Someone pointed out the manga character Shin Chan:
And there's the classic "inverted black triangle" for women, though even that has a somewhat creepy history, like the Playboy Femlin cartoon character (NSFW):
Obviously, the Femlin is meant to be erotic, but is there a way to depict cartoon female nudity without that effect? We have so few examples to reference.
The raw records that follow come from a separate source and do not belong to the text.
text \<open>
  Every schedule has height at least \<open>\<Sum>j h(j)\<close>: over \<open>T\<close> days bamboo \<open>j\<close> grows by
  \<open>h(j) T\<close> but each cut removes at most the height bound, and only \<open>T\<close> cuts are available.
  Conversely both options of PW'' are, up to an additive constant, linear in the class sums:
  \<open>z(a) \<le> |S\<^sub>1| + |S\<^sub>2| + sh\<^sub>3 + sh\<^sub>4 + 1\<close> and, since \<open>h\<^sup>* \<le> 2/3\<close>,
  \<open>z(b) \<le> 4/3 (|S\<^sub>1| + |S\<^sub>2|/2 + sh\<^sub>3 + sh\<^sub>4 + 1)\<close>. The convex combination
  \<open>4/7 z(a) + 3/7 z(b)\<close> charges each unit of growth rate at most \<open>12/7\<close>, because
  \<open>1 \<le> 3/2 h(j)\<close> on \<open>S\<^sub>1\<close>, \<open>1 \<le> 2 h(j)\<close> on \<open>S\<^sub>2\<close> and \<open>h''(j) \<le> 3/2 h(j)\<close> on
  \<open>S\<^sub>3 \<union> S\<^sub>4\<close>. Hence \<open>H\<^sup>P\<^sup>W\<^sup>'' \<le> 12/7 \<Sum>j h(j) + 8/7 \<le> (12/7 + \<epsilon>) H\<^sup>*\<close> once the sum is large.
\<close>

lemma kidx_bounds:
  assumes "0 < x" "x \<le> 1"
  shows "(1/2::real)^(kidx x + 1) < x \<and> x \<le> (1/2)^kidx x"
proof -
  let ?P = "\<lambda>k::nat. (1/2::real)^(k+1) < x \<and> x \<le> (1/2)^k"
  obtain N where "(1/2::real)^N < x"
    using real_arch_pow_inv[of x "1/2"] assms by auto
  moreover have "(1/2::real)^(N+1) \<le> (1/2)^N" by (rule power_decreasing) auto
  ultimately have ex: "\<exists>k. (1/2::real)^(k+1) < x" by (metis order.strict_trans1)
  define k where "k = (LEAST k. (1/2::real)^(k+1) < x)"
  have "?P k"
  proof
    show "(1/2::real)^(k+1) < x" unfolding k_def using ex by (rule LeastI_ex)
    show "x \<le> (1/2)^k"
    proof (cases k)
      case (Suc m)
      then have "\<not> (1/2::real)^(m+1) < x"
        using not_less_Least[of m "\<lambda>k. (1/2::real)^(k+1) < x"] k_def by auto
      then show ?thesis using Suc by simp
    qed (use assms in simp)
  qed
  moreover have "k' = k" if "?P k'" for k'
  proof (rule linorder_cases[of k' k])
    assume "k' < k"
    then have "(1/2::real)^k \<le> (1/2)^(k'+1)" by (intro power_decreasing) auto
    then show ?thesis using that \<open>?P k\<close> by linarith
  next
    assume "k < k'"
    then have "(1/2::real)^k' \<le> (1/2)^(k+1)" by (intro power_decreasing) auto
    then show ?thesis using that \<open>?P k\<close> by linarith
  qed
  ultimately have "\<exists>!k. ?P k" by blast
  then show ?thesis unfolding kidx_def by (rule theI')
qed

lemma h2_le:
  assumes "0 < h j" "h j \<le> 1"
  shows "h2 h j \<le> 3/2 * h j"
  using kidx_bounds[OF assms] unfolding h2_def by (auto simp: field_simps)

subsection \<open>The lower bound \<open>H\<^sup>* \<ge> \<Sum>j h(j)\<close>\<close>

definition cut_count :: "(nat \<Rightarrow> nat) \<Rightarrow> nat \<Rightarrow> nat \<Rightarrow> real" where
  "cut_count \<sigma> j T = (\<Sum>t=1..T. if \<sigma> t = j then 1 else 0)"

lemma growth_le_cuts_times_height:
  assumes "\<And>t. before_cut \<sigma> h j t \<le> H"
  shows "h j * real T \<le> H * cut_count \<sigma> j T + after_cut \<sigma> h j T"
proof (induction T)
  case (Suc T)
  have "after_cut \<sigma> h j T + h j \<le> H" using assms[of T] by (simp add: before_cut_def)
  with Suc show ?case by (simp add: cut_count_def algebra_simps)
qed (simp add: cut_count_def)

lemma sum_cut_count_le: "(\<Sum>j=1..n. cut_count \<sigma> j T) \<le> real T"
proof -
  have "(\<Sum>j=1..n. cut_count \<sigma> j T) = (\<Sum>t=1..T. \<Sum>j=1..n. if \<sigma> t = j then 1 else (0::real))"
    unfolding cut_count_def by (rule sum.swap)
  also have "\<dots> = (\<Sum>t=1..T. if \<sigma> t \<in> {1..n} then 1 else (0::real))"
    by (rule sum.cong) (auto simp: sum.delta eq_commute[of "\<sigma> _"])
  also have "\<dots> \<le> (\<Sum>t=1..T. (1::real))" by (rule sum_mono) auto
  finally show ?thesis by simp
qed

lemma growth_sum_le_height_bound:
  fixes H :: real
  assumes "1 \<le> n" and nonneg: "\<And>j. j \<in> {1..n} \<Longrightarrow> 0 \<le> h j"
    and bound: "\<And>t j. j \<in> {1..n} \<Longrightarrow> before_cut \<sigma> h j t \<le> H"
  shows "(\<Sum>j=1..n. h j) \<le> H"
proof (rule ccontr)
  let ?S = "\<Sum>j=1..n. h j"
  assume "\<not> ?S \<le> H"
  have "0 \<le> H" using bound[of 1 0] nonneg[of 1] \<open>1 \<le> n\<close> by (simp add: before_cut_def)
  have growth_bound: "?S * real T \<le> H * (real T + real n)" for T
  proof -
    have each: "h j * real T \<le> H * (cut_count \<sigma> j T + 1)" if j: "j \<in> {1..n}" for j
    proof -
      have "after_cut \<sigma> h j T \<le> H"
        using bound[OF j, of T] nonneg[OF j] by (simp add: before_cut_def)
      then show ?thesis
        using growth_le_cuts_times_height[OF bound[OF j], of T] by (simp add: algebra_simps)
    qed
    have "?S * real T \<le> (\<Sum>j=1..n. H * (cut_count \<sigma> j T + 1))"
      unfolding sum_distrib_right by (rule sum_mono) (use each in auto)
    also have "\<dots> = H * ((\<Sum>j=1..n. cut_count \<sigma> j T) + real n)"
      by (simp add: sum_distrib_left[symmetric] sum.distrib)
    also have "\<dots> \<le> H * (real T + real n)"
      using sum_cut_count_le \<open>0 \<le> H\<close> by (intro mult_left_mono) auto
    finally show ?thesis .
  qed
  obtain T :: nat where "H * real n / (?S - H) < real T" using reals_Archimedean2 by blast
  then have "H * real n < (?S - H) * real T" using \<open>\<not> ?S \<le> H\<close> by (simp add: field_simps)
  with growth_bound[of T] show False by (simp add: algebra_simps)
qed

lemma growth_sum_le_sched_height:
  assumes "1 \<le> n" "\<And>j. j \<in> {1..n} \<Longrightarrow> 0 \<le> h j"
  shows "ereal (\<Sum>j=1..n. h j) \<le> sched_height n h \<sigma>"
proof -
  have before_le: "ereal (before_cut \<sigma> h j t) \<le> sched_height n h \<sigma>" if "j \<in> {1..n}" for j t
    unfolding sched_height_def by (rule SUP_upper2[of "(t, j)"]) (use that in auto)
  show ?thesis
  proof (cases "sched_height n h \<sigma>")
    case (real H)
    then show ?thesis
      using growth_sum_le_height_bound[OF assms, where \<sigma>=\<sigma> and H=H] before_le by auto
  next
    case MInf
    then show ?thesis using before_le[of 1 0] \<open>1 \<le> n\<close> by auto
  qed simp
qed

lemma bgt_instance_pos:
  assumes "bgt_instance n h" "j \<in> {1..n}"
  shows "0 < h j"
proof -
  have "h n \<le> h j" using assms unfolding bgt_instance_def by auto
  with assms(1) show ?thesis unfolding bgt_instance_def by auto
qed

lemma growth_sum_le_H_opt:
  assumes "bgt_instance n h"
  shows "ereal (\<Sum>j=1..n. h j) \<le> H_opt n h"
  using growth_sum_le_sched_height[of n h] bgt_instance_pos[OF assms] assms
  unfolding H_opt_def bgt_instance_def by (auto intro: INF_greatest less_imp_le)

subsection \<open>The upper bound \<open>H\<^sup>P\<^sup>W\<^sup>'' \<le> 12/7 \<Sum>j h(j) + 8/7\<close>\<close>

lemma S3_S4_disjoint: "S3 n h \<inter> S4 n h = {}"
proof (rule ccontr)
  assume "S3 n h \<inter> S4 n h \<noteq> {}"
  then obtain j k l where S3: "2/3 * (1/2::real)^k < h j" "h j \<le> (1/2)^k"
     and S4: "(1/2::real)^(l+1) < h j" "h j \<le> 2/3 * (1/2)^l"
    unfolding S3_def S4_def by blast
  show False
  proof (rule linorder_cases[of k l])
    assume "k < l"
    then have "(1/2::real)^l \<le> (1/2)^k" by (intro power_decreasing) auto
    then show False using S3 S4 by linarith
  next
    assume "l < k"
    then have "(1/2::real)^k \<le> (1/2)^(l+1)" by (intro power_decreasing) auto
    then show False using S3 S4 by linarith
  qed (use S3 S4 in simp)
qed

lemma sum_over_classes_le:
  assumes "\<And>j. j \<in> {1..n} \<Longrightarrow> 0 \<le> h j"
  shows "(\<Sum>j\<in>S1 n h. h j) + (\<Sum>j\<in>S2 n h. h j) + (\<Sum>j\<in>S3 n h. h j) + (\<Sum>j\<in>S4 n h. h j)
         \<le> (\<Sum>j=1..n. h j)"
proof -
  have sub: "S1 n h \<subseteq> {1..n}" "S2 n h \<subseteq> {1..n}" "S3 n h \<subseteq> {1..n}" "S4 n h \<subseteq> {1..n}"
    unfolding S1_def S2_def S3_def S4_def by auto
  then have fin: "finite (S1 n h)" "finite (S2 n h)" "finite (S3 n h)" "finite (S4 n h)"
    by (auto intro: finite_subset)
  have "1/2 < h j" if "j \<in> S1 n h \<union> S2 n h" for j
    using that unfolding S1_def S2_def by auto
  moreover have "h j \<le> 1/2" if "j \<in> S3 n h \<union> S4 n h" for j
    using that unfolding S3_def S4_def by blast
  ultimately have "(S1 n h \<union> S2 n h) \<inter> S3 n h = {}"
    "(S1 n h \<union> S2 n h \<union> S3 n h) \<inter> S4 n h = {}"
    using S3_S4_disjoint[of n h] by fastforce+
  moreover have "S1 n h \<inter> S2 n h = {}" unfolding S1_def S2_def by auto
  ultimately have "(\<Sum>j\<in>S1 n h. h j) + (\<Sum>j\<in>S2 n h. h j) + (\<Sum>j\<in>S3 n h. h j) + (\<Sum>j\<in>S4 n h. h j)
      = (\<Sum>j\<in>S1 n h \<union> S2 n h \<union> S3 n h \<union> S4 n h. h j)"
    using fin by (simp add: sum.union_disjoint)
  also have "\<dots> \<le> (\<Sum>j=1..n. h j)"
    by (rule sum_mono2) (use sub assms in auto)
  finally show ?thesis .
qed

lemma card_S1_le: "real (card (S1 n h)) \<le> 3/2 * (\<Sum>j\<in>S1 n h. h j)"
proof -
  have "real (card (S1 n h)) \<le> (\<Sum>j\<in>S1 n h. 3/2 * h j)"
    using sum_mono[of "S1 n h" "\<lambda>_. 1::real" "\<lambda>j. 3/2 * h j"] by (auto simp: S1_def)
  then show ?thesis by (simp add: sum_distrib_left)
qed

lemma card_S2_le: "real (card (S2 n h)) \<le> 2 * (\<Sum>j\<in>S2 n h. h j)"
proof -
  have "real (card (S2 n h)) \<le> (\<Sum>j\<in>S2 n h. 2 * h j)"
    using sum_mono[of "S2 n h" "\<lambda>_. 1::real" "\<lambda>j. 2 * h j"] by (auto simp: S2_def)
  then show ?thesis by (simp add: sum_distrib_left)
qed

lemma sum_h2_le:
  assumes "\<And>j. j \<in> S \<Longrightarrow> 0 < h j \<and> h j \<le> 1"
  shows "(\<Sum>j\<in>S. h2 h j) \<le> 3/2 * (\<Sum>j\<in>S. h j)"
  unfolding sum_distrib_left by (rule sum_mono) (use assms h2_le in blast)

lemma S3_bounds:
  assumes "j \<in> S3 n h"
  shows "0 < h j \<and> h j \<le> 1"
proof -
  from assms obtain k where "2/3 * (1/2::real)^k < h j" "h j \<le> 1/2" unfolding S3_def by auto
  moreover have "0 < 2/3 * (1/2::real)^k" by simp
  ultimately show ?thesis by linarith
qed

lemma S4_bounds:
  assumes "j \<in> S4 n h"
  shows "0 < h j \<and> h j \<le> 1"
proof -
  from assms obtain k where "(1/2::real)^(k+1) < h j" "h j \<le> 1/2" unfolding S4_def by auto
  moreover have "0 < (1/2::real)^(k+1)" by simp
  ultimately show ?thesis by linarith
qed

lemma H_PW_le_relaxed:
  fixes n :: nat and h :: "nat \<Rightarrow> real"
  defines "A \<equiv> real (card (S1 n h))" and "B \<equiv> real (card (S2 n h))"
    and "s \<equiv> (\<Sum>j\<in>S3 n h. h2 h j) + (\<Sum>j\<in>S4 n h. h2 h j)"
  shows "H_PW n h \<le> ereal (min (A + B + s + 1) (4/3 * (A + B/2 + s + 1)))"
proof -
  define sh3 where "sh3 = (\<Sum>j\<in>S3 n h. h2 h j)"
  define sh4 where "sh4 = (\<Sum>j\<in>S4 n h. h2 h j)"
  have s_nonneg: "0 \<le> s" unfolding s_def h2_def by (intro add_nonneg_nonneg sum_nonneg) auto
  have "of_int \<lceil>(sh3 - \<lfloor>sh3\<rfloor>) + (sh4 - \<lfloor>sh4\<rfloor>)\<rceil> \<le> (sh3 - \<lfloor>sh3\<rfloor>) + (sh4 - \<lfloor>sh4\<rfloor>) + (1::real)"
    by (rule of_int_ceiling_le_add_one)
  then have za: "pw_za n h \<le> A + B + s + 1"
    unfolding pw_za_def Let_def A_def B_def s_def sh3_def sh4_def by linarith
  show ?thesis
  proof (cases "S2 n h = {}")
    case True
    then have "A + B + s + 1 \<le> 4/3 * (A + B/2 + s + 1)"
      using s_nonneg by (simp add: A_def B_def)
    then show ?thesis using za unfolding H_PW_def by (simp add: min_le_iff_disj)
  next
    case False
    define hs where "hs = Max (h ` S2 n h)"
    have fin: "finite (S2 n h)" by (rule finite_subset[of _ "{1..n}"]) (auto simp: S2_def)
    have hs_le: "hs \<le> 2/3" unfolding hs_def using fin False by (intro Max.boundedI) (auto simp: S2_def)
    have hs_pos: "0 < hs"
    proof -
      obtain j where j: "j \<in> S2 n h" using False by blast
      then have "h j \<le> hs" unfolding hs_def using fin by auto
      with j show ?thesis by (auto simp: S2_def)
    qed
    define f2 where "f2 = (if odd (card (S2 n h)) then 1/2 else 0::real)"
    define X where "X = A + real (card (S2 n h) div 2) + \<lfloor>sh3\<rfloor> + \<lfloor>sh4\<rfloor>
         + \<lceil>f2 + (sh3 - \<lfloor>sh3\<rfloor>) + (sh4 - \<lfloor>sh4\<rfloor>)\<rceil>"
    have zb: "pw_zb n h = ereal (2 * hs * X)"
      using False unfolding pw_zb_def Let_def X_def hs_def f2_def A_def sh3_def sh4_def by simp
    have "real (card (S2 n h) div 2) + f2 = B / 2"
      unfolding f2_def B_def by (cases "odd (card (S2 n h))") (auto elim!: oddE evenE)
    moreover have "of_int \<lceil>f2 + (sh3 - \<lfloor>sh3\<rfloor>) + (sh4 - \<lfloor>sh4\<rfloor>)\<rceil>
        \<le> f2 + (sh3 - \<lfloor>sh3\<rfloor>) + (sh4 - \<lfloor>sh4\<rfloor>) + (1::real)"
      by (rule of_int_ceiling_le_add_one)
    ultimately have "X \<le> A + B/2 + s + 1" unfolding X_def s_def sh3_def sh4_def by linarith
    then have "2 * hs * X \<le> 2 * hs * (A + B/2 + s + 1)"
      using hs_pos by (intro mult_left_mono) auto
    also have "\<dots> \<le> 4/3 * (A + B/2 + s + 1)"
      using hs_le s_nonneg by (intro mult_right_mono) (auto simp: A_def B_def)
    finally show ?thesis using za unfolding H_PW_def zb by (simp add: min_def)
  qed
qed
A Google search for "cartoon nudity" results in quite an eyeful. So people are right to associate cartoon depictions of female nudity with salacious intent, given the history of dirty cartoons. Maybe there's no way to transcend that association.
Still, I want there to be absolutely no doubt that these characters are naked when they're not wearing clothing. That idea is very important to the heart of the game, while the specific way that nudity is represented is not.
| Early alpha testing coming February 17, 2017
Friends and family testing has been going well. We're right on the verge of being ready for some early, small-scale public alpha testing. The game is in a pretty stable state with a comprehensive batch of starter content (from rocks all the way to forging steel---each game system has an example piece of content in place).
The art collective where we have office space is losing its lease, so we're in the middle of an upheaval as we prepare to move to a new office. As soon as we're settled there, we'll be working on another few weeks of solid content creation. At that point, we'll be contacting our early alpha testers and delivering builds to people.